A different kind of disaster played out last fall at Penn State University after the football coach Joe Paterno was fired in the wake of allegations that one of his assistant coaches had sexually abused children. These events, the Paterno legend, are neatly pinned in Death Comes to Happy Valley: Penn State and the Tragic Legacy of Joe Paterno ($1.99), by Jonathan Mahler, a contributing writer for The New York Times Magazine. It’s an elegant book with a perfect ratio of reportage, biography and criticism. It gently pulls Joe Pa off the pedestal upon which he has long stood.
Andy Borowitz is the funniest human on Twitter, and that’s not mean praise. His first original e-book – the current best-selling Single – is a seriocomic memoir called “An Unexpected Twist” (99 cents), about a blockage in his colon that nearly killed him. This funny book has a sneaky emotional gravity. As the time of his illness he’d been married only a few months, and his small book becomes a rather large love story.
Two other Singles I admired are Ann Patchett’s “Getaway Car: A Practical Memoir About Writing and Life” ($2.99) and Jane Hirshfield’s “Heart of Haiku” (99 cents), which functions both as a short biography of the 17th-century Japanese poet Basho and as a primer on haiku in general.
These Singles allow real writers a chance to stretch their legs. They’re the literary equivalent of a week’s sailing trip, not a Thor Heyerdahl slog across an ocean, with reader and writer lashed to the mast.
There’s an unexpected moral bonus here too. I enjoyed shopping, à la carte, for these pieces and making micropayments (99 cents to $2.99) for them. Writers set their own prices, Amazon said.
Many of these minibooks have interesting premises but fail to deliver entirely.
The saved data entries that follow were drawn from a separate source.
lemma two_colouring_parity:
  fixes adj :: "'a \<Rightarrow> 'a \<Rightarrow> bool" and col :: "'a \<Rightarrow> bool"
  assumes "\<And>x y. adj x y \<Longrightarrow> col x \<noteq> col y"
    and "\<And>i. Suc i < length xs \<Longrightarrow> adj (xs ! i) (xs ! Suc i)"
    and "i < length xs"
  shows "col (xs ! i) \<longleftrightarrow> (col (xs ! 0) \<longleftrightarrow> even i)"
  using assms(3)
proof (induction i)
  case (Suc i)
  then show ?case using assms(1)[OF assms(2)] by auto
qed simp

lemma unit_cases: "\<bar>d\<bar> = 1 \<Longrightarrow> d = 1 \<or> d = (-1 :: int)"
  by linarith

text \<open>The length of a straight path of length k \<le> n after one extension step: a path
  reaching length n + 1 is replaced by its shortcut of length n - 1.\<close>

definition grow :: "nat \<Rightarrow> nat \<Rightarrow> nat" where
  "grow n k = (if k < n then Suc k else n - 1)"

lemma grow_funpow:
  assumes "k \<le> n"
  shows "(grow n ^^ m) k = (if k + m \<le> n then k + m else if even (k + m - n) then n else n - 1)"
proof (induction m)
  case (Suc m)
  then show ?case using assms by (auto simp: grow_def)
qed (use assms in simp)

lemma grow_funpow_le: "k \<le> n \<Longrightarrow> (grow n ^^ m) k \<le> n"
  by (simp add: grow_funpow)

lemma grow_funpow_eq_top: "k \<le> n \<Longrightarrow> even (j + k) \<Longrightarrow> (grow n ^^ (n + j)) k = n"
  by (simp add: grow_funpow)

lemma gdist_even_same_colour:
  fixes col :: "'a \<Rightarrow> bool"
  assumes "connected_graph V adj" "\<And>x y. adj x y \<Longrightarrow> col x \<noteq> col y"
    and "u \<in> V" "v \<in> V" "even (gdist V adj u v)"
  shows "col u = col v"
proof -
  obtain xs where "walk V adj xs" "hd xs = u" "last xs = v"
    using assms(1,3,4) unfolding connected_graph_def by blast
  then have "\<exists>k xs. walk V adj xs \<and> length xs = Suc k \<and> hd xs = u \<and> last xs = v"
    by (intro exI[of _ "length xs - 1"] exI[of _ xs]) (auto simp: walk_def)
  then have "\<exists>xs. walk V adj xs \<and> length xs = Suc (gdist V adj u v) \<and> hd xs = u \<and> last xs = v"
    unfolding gdist_def by (rule LeastI_ex)
  then obtain ys where ys: "walk V adj ys" "length ys = Suc (gdist V adj u v)" "hd ys = u" "last ys = v"
    by blast
  then have "ys \<noteq> []"
    by auto
  then have "ys ! 0 = u" "ys ! gdist V adj u v = v"
    using ys by (auto simp: hd_conv_nth last_conv_nth)
  then show ?thesis
    using two_colouring_parity[where adj = adj and col = col and xs = ys and i = "gdist V adj u v"]
      ys(1,2) assms(2,5)
    by (simp add: walk_def)
qed

locale veldkamp_polygon =
  fixes V :: "'a set" and adj :: "'a \<Rightarrow> 'a \<Rightarrow> bool" and opp :: "'a \<Rightarrow> 'a \<Rightarrow> 'a \<Rightarrow> bool" and n :: nat
  assumes veldkamp_ngon: "veldkamp_ngon V adj opp n"
begin

lemma two_le_n: "2 \<le> n"
  using veldkamp_ngon by (simp add: veldkamp_ngon_def)

lemma adj_sym: "adj x y \<Longrightarrow> adj y x"
  and adj_in_V1: "adj x y \<Longrightarrow> x \<in> V"
  and adj_in_V2: "adj x y \<Longrightarrow> y \<in> V"
  using veldkamp_ngon by (auto simp: veldkamp_ngon_def veldkamp_graph_def graph_def)

lemma opp_sym: "v \<in> V \<Longrightarrow> opp v x y \<Longrightarrow> opp v y x"
  and opp_neq: "v \<in> V \<Longrightarrow> opp v x y \<Longrightarrow> x \<noteq> y"
  using veldkamp_ngon by (fastforce simp: veldkamp_ngon_def veldkamp_graph_def opposition_rel_def)+

lemma opposite_to_two:
  assumes "v \<in> V" "S \<subseteq> nbrs adj v" "finite S" "card S \<le> 2"
  shows "\<exists>y. adj v y \<and> (\<forall>x\<in>S. opp v x y)"
proof -
  have "plump 2 (nbrs adj v) (opp v)"
    using veldkamp_ngon assms(1) by (simp add: veldkamp_ngon_def veldkamp_graph_def)
  then obtain y where "y \<in> nbrs adj v" "\<forall>x\<in>S. opp v y x"
    using assms(2-) unfolding plump_def by blast
  then show ?thesis using opp_sym[OF assms(1)] by (auto simp: nbrs_def)
qed

lemma opposite_to_pair:
  assumes "adj v a" "adj v b"
  shows "\<exists>y. adj v y \<and> opp v a y \<and> opp v b y"
  using opposite_to_two[OF adj_in_V1[OF assms(1)], of "{a, b}"] assms
  by (auto simp: nbrs_def card_insert_le_m1)

definition straight_path :: "'a list \<Rightarrow> nat \<Rightarrow> 'a \<Rightarrow> 'a \<Rightarrow> bool" where
  "straight_path p k x z \<longleftrightarrow> is_path V adj p k \<and> straight opp p \<and> p ! 0 = x \<and> p ! k = z"

lemma straight_path_singleton: "x \<in> V \<Longrightarrow> straight_path [x] 0 x x"
  by (simp add: straight_path_def is_path_def straight_def)

lemma straight_path_edge: "adj x y \<Longrightarrow> straight_path [x, y] 1 x y"
  using adj_in_V1 adj_in_V2 by (auto simp: straight_path_def is_path_def straight_def less_Suc_eq)

lemma straight_path_ends_in_V: "straight_path p k x z \<Longrightarrow> x \<in> V \<and> z \<in> V"
  unfolding straight_path_def using is_path_nth_in_V by fastforce

lemma straight_path_last_adj: "straight_path p k x z \<Longrightarrow> 0 < k \<Longrightarrow> adj z (p ! (k - 1))"
  unfolding straight_path_def using is_path_adj[of V adj p k "k - 1"] adj_sym by simp

lemma straight_path_first_adj: "straight_path p k x z \<Longrightarrow> 0 < k \<Longrightarrow> adj x (p ! 1)"
  unfolding straight_path_def using is_path_adj[of V adj p k 0] by simp

lemma straight_path_snoc:
  assumes "straight_path p k x z" "adj z y" "0 < k \<Longrightarrow> opp z (p ! (k - 1)) y"
  shows "straight_path (p @ [y]) (Suc k) x y"
proof -
  have "z \<in> V" using adj_in_V1[OF assms(2)] .
  then have "is_path V adj (p @ [y]) (Suc k)"
    using assms opp_neq adj_in_V2 by (intro is_path_snoc) (auto simp: straight_path_def)
  moreover have "straight opp (p @ [y])"
    using assms by (intro straight_snoc[of _ _ k]) (auto simp: straight_path_def is_path_length)
  moreover have "length p = Suc k"
    using assms(1) is_path_length by (auto simp: straight_path_def)
  ultimately show ?thesis
    using assms(1) by (simp add: straight_path_def nth_append)
qed

lemma straight_path_Cons:
  assumes "straight_path p k x z" "adj w x" "0 < k \<Longrightarrow> opp x w (p ! 1)"
  shows "straight_path (w # p) (Suc k) w z"
proof -
  have "x \<in> V" using adj_in_V2[OF assms(2)] .
  then have "is_path V adj (w # p) (Suc k)"
    using assms opp_neq adj_in_V1 by (intro is_path_Cons) (auto simp: straight_path_def)
  moreover have "straight opp (w # p)"
    using assms by (intro straight_Cons) (auto simp: straight_path_def is_path_length)
  ultimately show ?thesis
    using assms(1) by (simp add: straight_path_def)
qed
These include “Blindsight,” by Chris Colin, about the Hollywood producer of films like “C.H.U.D. II” who suffered serious brain trauma in a car accident and came back an oddly changed man. Mr. Colin is a fine writer, but this is an Oliver Sacks-type story that needed an Oliver Sacks.
Others ride blithely off the rails. Lawrence Lessig, a Harvard Law School professor, has written “One Way Forward: The Outsider’s Guide to Fixing the Republic” ($1.99). It’s about how money has ruined politics, and about how Tea Partiers and Occupy Wall Streeters should collaborate to fix this problem. Mr. Lessig is right, but he’s insufferable. His book is earnest, patronizing and so dull that I flipped my Kindle over, searching for a snooze button.
Sara Davidson’s memoir about Joan Didion, “Joan: Forty Years of Life, Loss and Friendship With Joan Didion” ($2.99), is warm but wan. It’s dense with clichés (“breathtaking prose,” “bevy of A-list players”) and makes Ms. Didion seem less interesting, not more, despite details like Ms. Didion’s rebuff of Warren Beatty’s hands-on advances in the early 1970s.
The gatekeepers at the magazines I love – from The New Yorker to the Oxford American, and from New York magazine to The Paris Review – are not going to be made redundant by Singles anytime soon. A typical issue of any of these magazines remains the better, and more reliable, value.
But I’m bullish on this form.
This despite what might be the biggest bummer of the Kindle, at least on its least expensive versions: When it is left unattended, it displays advertisements on its screen. Among the many admirable things about books, they don’t metamorphose into ads for Omaha Steaks when you aren’t grasping them in your optimistic fingers.